Content starts
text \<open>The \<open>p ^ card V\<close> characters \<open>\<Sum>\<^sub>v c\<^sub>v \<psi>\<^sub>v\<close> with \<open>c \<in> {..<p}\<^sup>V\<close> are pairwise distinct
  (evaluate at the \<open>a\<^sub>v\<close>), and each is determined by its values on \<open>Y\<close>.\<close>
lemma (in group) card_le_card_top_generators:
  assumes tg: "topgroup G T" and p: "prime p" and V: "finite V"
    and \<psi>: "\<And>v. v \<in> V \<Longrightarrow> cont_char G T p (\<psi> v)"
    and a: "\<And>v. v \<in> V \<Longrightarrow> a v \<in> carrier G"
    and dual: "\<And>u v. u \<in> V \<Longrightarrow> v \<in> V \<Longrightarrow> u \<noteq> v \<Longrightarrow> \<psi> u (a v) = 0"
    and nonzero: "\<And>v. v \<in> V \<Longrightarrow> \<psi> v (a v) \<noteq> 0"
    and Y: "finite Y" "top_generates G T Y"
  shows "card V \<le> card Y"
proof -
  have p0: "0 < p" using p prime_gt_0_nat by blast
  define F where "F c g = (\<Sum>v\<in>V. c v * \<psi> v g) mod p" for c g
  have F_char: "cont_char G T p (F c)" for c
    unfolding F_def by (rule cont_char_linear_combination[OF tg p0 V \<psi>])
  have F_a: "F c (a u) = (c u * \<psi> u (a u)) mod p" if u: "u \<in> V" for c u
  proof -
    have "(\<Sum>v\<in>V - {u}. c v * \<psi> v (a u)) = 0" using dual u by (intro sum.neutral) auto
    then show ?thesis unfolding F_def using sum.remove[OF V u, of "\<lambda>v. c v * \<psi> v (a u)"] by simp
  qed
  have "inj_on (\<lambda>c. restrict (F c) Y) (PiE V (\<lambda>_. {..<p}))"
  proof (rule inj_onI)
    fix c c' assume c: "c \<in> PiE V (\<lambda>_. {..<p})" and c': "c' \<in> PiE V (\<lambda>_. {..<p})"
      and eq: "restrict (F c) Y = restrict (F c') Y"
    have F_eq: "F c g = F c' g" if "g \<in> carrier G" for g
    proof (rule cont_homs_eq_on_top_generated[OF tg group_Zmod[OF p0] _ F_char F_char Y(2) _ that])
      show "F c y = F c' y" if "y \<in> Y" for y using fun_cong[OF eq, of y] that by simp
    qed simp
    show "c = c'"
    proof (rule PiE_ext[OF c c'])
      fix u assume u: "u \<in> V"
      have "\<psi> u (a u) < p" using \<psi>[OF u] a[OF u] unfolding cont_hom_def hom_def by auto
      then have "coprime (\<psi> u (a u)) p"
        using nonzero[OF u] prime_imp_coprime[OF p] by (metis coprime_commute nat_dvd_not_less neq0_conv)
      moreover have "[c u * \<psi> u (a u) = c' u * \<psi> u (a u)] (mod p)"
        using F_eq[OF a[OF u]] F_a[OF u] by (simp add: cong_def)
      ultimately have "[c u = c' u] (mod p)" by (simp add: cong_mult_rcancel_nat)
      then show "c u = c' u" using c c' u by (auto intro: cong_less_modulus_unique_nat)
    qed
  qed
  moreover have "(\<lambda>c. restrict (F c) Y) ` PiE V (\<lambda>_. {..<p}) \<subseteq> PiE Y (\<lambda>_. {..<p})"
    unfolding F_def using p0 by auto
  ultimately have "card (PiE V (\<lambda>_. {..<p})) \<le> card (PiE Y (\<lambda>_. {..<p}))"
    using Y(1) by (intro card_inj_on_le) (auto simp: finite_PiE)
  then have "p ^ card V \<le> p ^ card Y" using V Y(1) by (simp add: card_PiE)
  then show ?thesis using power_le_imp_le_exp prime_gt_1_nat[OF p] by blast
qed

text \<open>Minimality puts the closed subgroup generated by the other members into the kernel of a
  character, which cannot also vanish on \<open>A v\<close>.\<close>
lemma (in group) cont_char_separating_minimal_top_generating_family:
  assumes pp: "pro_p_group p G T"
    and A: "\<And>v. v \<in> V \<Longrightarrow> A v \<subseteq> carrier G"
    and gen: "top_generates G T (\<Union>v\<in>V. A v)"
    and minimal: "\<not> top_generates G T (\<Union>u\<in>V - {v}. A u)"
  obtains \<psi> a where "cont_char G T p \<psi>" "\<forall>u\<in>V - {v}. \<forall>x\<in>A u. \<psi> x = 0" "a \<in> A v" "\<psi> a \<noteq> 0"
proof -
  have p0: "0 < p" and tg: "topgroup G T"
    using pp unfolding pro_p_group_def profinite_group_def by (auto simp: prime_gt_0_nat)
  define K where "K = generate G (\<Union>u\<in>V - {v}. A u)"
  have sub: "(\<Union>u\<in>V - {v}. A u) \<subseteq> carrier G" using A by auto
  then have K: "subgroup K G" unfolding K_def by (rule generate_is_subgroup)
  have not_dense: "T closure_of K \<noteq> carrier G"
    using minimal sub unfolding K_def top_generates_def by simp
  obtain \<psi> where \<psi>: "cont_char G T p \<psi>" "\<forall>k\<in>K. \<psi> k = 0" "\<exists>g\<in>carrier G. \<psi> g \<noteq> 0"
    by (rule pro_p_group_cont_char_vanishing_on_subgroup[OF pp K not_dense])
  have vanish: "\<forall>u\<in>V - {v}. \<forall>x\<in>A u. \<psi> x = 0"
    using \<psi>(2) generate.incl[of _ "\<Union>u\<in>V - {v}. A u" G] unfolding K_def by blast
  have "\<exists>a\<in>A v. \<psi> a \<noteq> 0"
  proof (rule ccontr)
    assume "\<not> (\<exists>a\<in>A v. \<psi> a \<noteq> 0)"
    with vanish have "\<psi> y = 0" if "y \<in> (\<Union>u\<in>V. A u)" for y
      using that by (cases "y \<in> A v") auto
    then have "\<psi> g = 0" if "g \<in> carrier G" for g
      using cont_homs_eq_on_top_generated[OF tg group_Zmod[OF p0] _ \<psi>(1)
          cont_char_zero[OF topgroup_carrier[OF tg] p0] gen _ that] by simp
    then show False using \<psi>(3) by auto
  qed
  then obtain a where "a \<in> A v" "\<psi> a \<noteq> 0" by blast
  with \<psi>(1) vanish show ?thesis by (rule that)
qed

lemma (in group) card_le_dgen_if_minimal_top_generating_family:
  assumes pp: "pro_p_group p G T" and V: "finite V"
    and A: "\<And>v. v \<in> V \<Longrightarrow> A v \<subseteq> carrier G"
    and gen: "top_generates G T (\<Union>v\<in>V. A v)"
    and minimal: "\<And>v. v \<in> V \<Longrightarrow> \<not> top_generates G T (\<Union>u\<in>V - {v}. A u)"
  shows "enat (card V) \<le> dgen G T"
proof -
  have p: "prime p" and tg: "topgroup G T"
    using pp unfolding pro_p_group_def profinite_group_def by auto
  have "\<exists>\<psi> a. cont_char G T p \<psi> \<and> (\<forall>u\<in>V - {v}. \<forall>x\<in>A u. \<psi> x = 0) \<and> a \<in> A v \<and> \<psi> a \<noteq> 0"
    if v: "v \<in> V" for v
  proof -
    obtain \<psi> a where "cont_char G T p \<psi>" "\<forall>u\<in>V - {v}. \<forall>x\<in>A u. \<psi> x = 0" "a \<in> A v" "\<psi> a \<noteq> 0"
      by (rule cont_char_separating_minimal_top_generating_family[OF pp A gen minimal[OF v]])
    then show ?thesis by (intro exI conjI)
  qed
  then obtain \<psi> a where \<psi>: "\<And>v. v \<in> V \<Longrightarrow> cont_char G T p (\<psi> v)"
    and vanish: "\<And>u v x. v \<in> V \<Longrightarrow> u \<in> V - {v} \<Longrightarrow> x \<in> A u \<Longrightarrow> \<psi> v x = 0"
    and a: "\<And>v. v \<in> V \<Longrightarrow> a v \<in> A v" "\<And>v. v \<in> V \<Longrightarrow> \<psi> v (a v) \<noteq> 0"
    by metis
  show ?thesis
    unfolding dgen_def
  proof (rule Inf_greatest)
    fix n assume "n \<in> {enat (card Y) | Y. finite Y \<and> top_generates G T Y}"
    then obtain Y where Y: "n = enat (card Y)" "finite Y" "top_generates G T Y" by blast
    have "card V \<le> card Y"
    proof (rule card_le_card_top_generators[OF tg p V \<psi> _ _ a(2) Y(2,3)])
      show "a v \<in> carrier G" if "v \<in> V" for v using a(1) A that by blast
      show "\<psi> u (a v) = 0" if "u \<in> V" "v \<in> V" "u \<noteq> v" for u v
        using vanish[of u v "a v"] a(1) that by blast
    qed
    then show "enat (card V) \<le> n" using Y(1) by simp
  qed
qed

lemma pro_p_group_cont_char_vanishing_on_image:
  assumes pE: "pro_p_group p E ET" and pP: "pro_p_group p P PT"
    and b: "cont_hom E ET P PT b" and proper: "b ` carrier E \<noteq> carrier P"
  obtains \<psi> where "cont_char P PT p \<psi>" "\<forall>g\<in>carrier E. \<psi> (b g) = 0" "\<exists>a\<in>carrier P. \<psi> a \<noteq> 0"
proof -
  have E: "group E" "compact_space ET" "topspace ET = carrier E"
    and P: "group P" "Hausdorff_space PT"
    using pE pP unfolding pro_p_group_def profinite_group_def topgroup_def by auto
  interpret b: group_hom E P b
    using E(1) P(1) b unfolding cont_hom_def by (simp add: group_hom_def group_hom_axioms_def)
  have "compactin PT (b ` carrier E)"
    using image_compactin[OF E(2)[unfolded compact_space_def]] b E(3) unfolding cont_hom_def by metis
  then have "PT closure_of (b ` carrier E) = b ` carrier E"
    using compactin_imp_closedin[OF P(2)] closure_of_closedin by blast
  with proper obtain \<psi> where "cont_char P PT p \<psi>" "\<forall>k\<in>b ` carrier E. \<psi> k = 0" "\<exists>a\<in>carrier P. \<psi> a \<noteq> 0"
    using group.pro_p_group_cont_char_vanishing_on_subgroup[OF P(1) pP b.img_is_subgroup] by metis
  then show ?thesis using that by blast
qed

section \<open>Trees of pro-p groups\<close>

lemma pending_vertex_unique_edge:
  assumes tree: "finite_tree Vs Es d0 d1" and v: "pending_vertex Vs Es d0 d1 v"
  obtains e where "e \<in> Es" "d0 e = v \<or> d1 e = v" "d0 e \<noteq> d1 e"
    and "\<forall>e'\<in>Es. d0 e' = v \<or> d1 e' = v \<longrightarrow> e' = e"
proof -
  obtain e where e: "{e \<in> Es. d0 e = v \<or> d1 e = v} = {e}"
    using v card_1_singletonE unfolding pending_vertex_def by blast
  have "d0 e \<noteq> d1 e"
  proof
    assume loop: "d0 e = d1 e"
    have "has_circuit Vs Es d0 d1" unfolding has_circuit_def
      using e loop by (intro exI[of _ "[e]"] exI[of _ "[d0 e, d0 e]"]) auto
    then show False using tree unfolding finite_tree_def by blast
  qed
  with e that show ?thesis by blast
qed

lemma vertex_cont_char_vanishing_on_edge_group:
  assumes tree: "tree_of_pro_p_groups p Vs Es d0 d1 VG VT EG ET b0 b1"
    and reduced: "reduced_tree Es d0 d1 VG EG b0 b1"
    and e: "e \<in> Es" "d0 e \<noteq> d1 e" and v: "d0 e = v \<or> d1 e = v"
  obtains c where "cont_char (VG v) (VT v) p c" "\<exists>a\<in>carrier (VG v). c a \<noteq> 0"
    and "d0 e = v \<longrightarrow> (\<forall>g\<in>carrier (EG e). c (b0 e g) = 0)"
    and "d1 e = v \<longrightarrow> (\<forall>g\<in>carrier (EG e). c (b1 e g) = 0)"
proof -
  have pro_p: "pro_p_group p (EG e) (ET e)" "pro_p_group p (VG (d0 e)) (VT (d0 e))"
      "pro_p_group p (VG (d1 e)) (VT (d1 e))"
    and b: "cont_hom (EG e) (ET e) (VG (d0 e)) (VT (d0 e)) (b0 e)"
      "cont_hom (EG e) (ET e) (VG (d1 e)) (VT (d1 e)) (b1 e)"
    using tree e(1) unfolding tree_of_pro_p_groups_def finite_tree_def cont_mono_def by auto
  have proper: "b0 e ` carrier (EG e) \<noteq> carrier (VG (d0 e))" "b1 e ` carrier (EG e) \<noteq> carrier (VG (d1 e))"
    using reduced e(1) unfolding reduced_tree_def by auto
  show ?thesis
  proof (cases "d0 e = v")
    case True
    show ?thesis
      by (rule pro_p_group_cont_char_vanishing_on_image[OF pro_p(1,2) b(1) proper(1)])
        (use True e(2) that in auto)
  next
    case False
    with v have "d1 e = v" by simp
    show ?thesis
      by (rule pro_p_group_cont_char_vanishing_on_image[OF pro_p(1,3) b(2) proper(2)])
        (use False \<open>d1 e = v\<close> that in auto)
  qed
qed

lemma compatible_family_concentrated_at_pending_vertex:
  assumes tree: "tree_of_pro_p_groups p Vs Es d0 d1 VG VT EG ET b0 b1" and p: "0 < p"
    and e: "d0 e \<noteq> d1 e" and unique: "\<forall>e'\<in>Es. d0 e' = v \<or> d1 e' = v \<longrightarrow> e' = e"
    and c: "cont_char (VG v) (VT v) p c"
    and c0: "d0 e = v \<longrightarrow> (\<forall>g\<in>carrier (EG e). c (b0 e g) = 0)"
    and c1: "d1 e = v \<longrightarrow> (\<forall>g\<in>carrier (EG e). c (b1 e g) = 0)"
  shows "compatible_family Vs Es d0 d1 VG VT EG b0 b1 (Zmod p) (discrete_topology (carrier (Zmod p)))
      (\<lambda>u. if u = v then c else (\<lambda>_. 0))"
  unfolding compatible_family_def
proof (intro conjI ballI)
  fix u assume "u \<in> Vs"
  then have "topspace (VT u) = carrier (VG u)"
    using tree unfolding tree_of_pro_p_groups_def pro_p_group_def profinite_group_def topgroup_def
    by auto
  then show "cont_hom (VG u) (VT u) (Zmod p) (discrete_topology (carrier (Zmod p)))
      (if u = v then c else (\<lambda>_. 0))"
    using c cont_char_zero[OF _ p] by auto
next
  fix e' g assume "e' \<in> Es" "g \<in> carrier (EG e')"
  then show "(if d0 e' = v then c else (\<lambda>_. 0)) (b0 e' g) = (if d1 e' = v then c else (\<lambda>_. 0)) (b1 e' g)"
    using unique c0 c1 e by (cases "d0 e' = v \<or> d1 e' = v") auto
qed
Content ends
§ YOUR TASK
In the listing above, show every line with the word "else".

§ RESPONSE BOX
      (\<lambda>u. if u = v then c else (\<lambda>_. 0))"
      (if u = v then c else (\<lambda>_. 0))"
  then show "(if d0 e' = v then c else (\<lambda>_. 0)) (b0 e' g) = (if d1 e' = v then c else (\<lambda>_. 0)) (b1 e' g)"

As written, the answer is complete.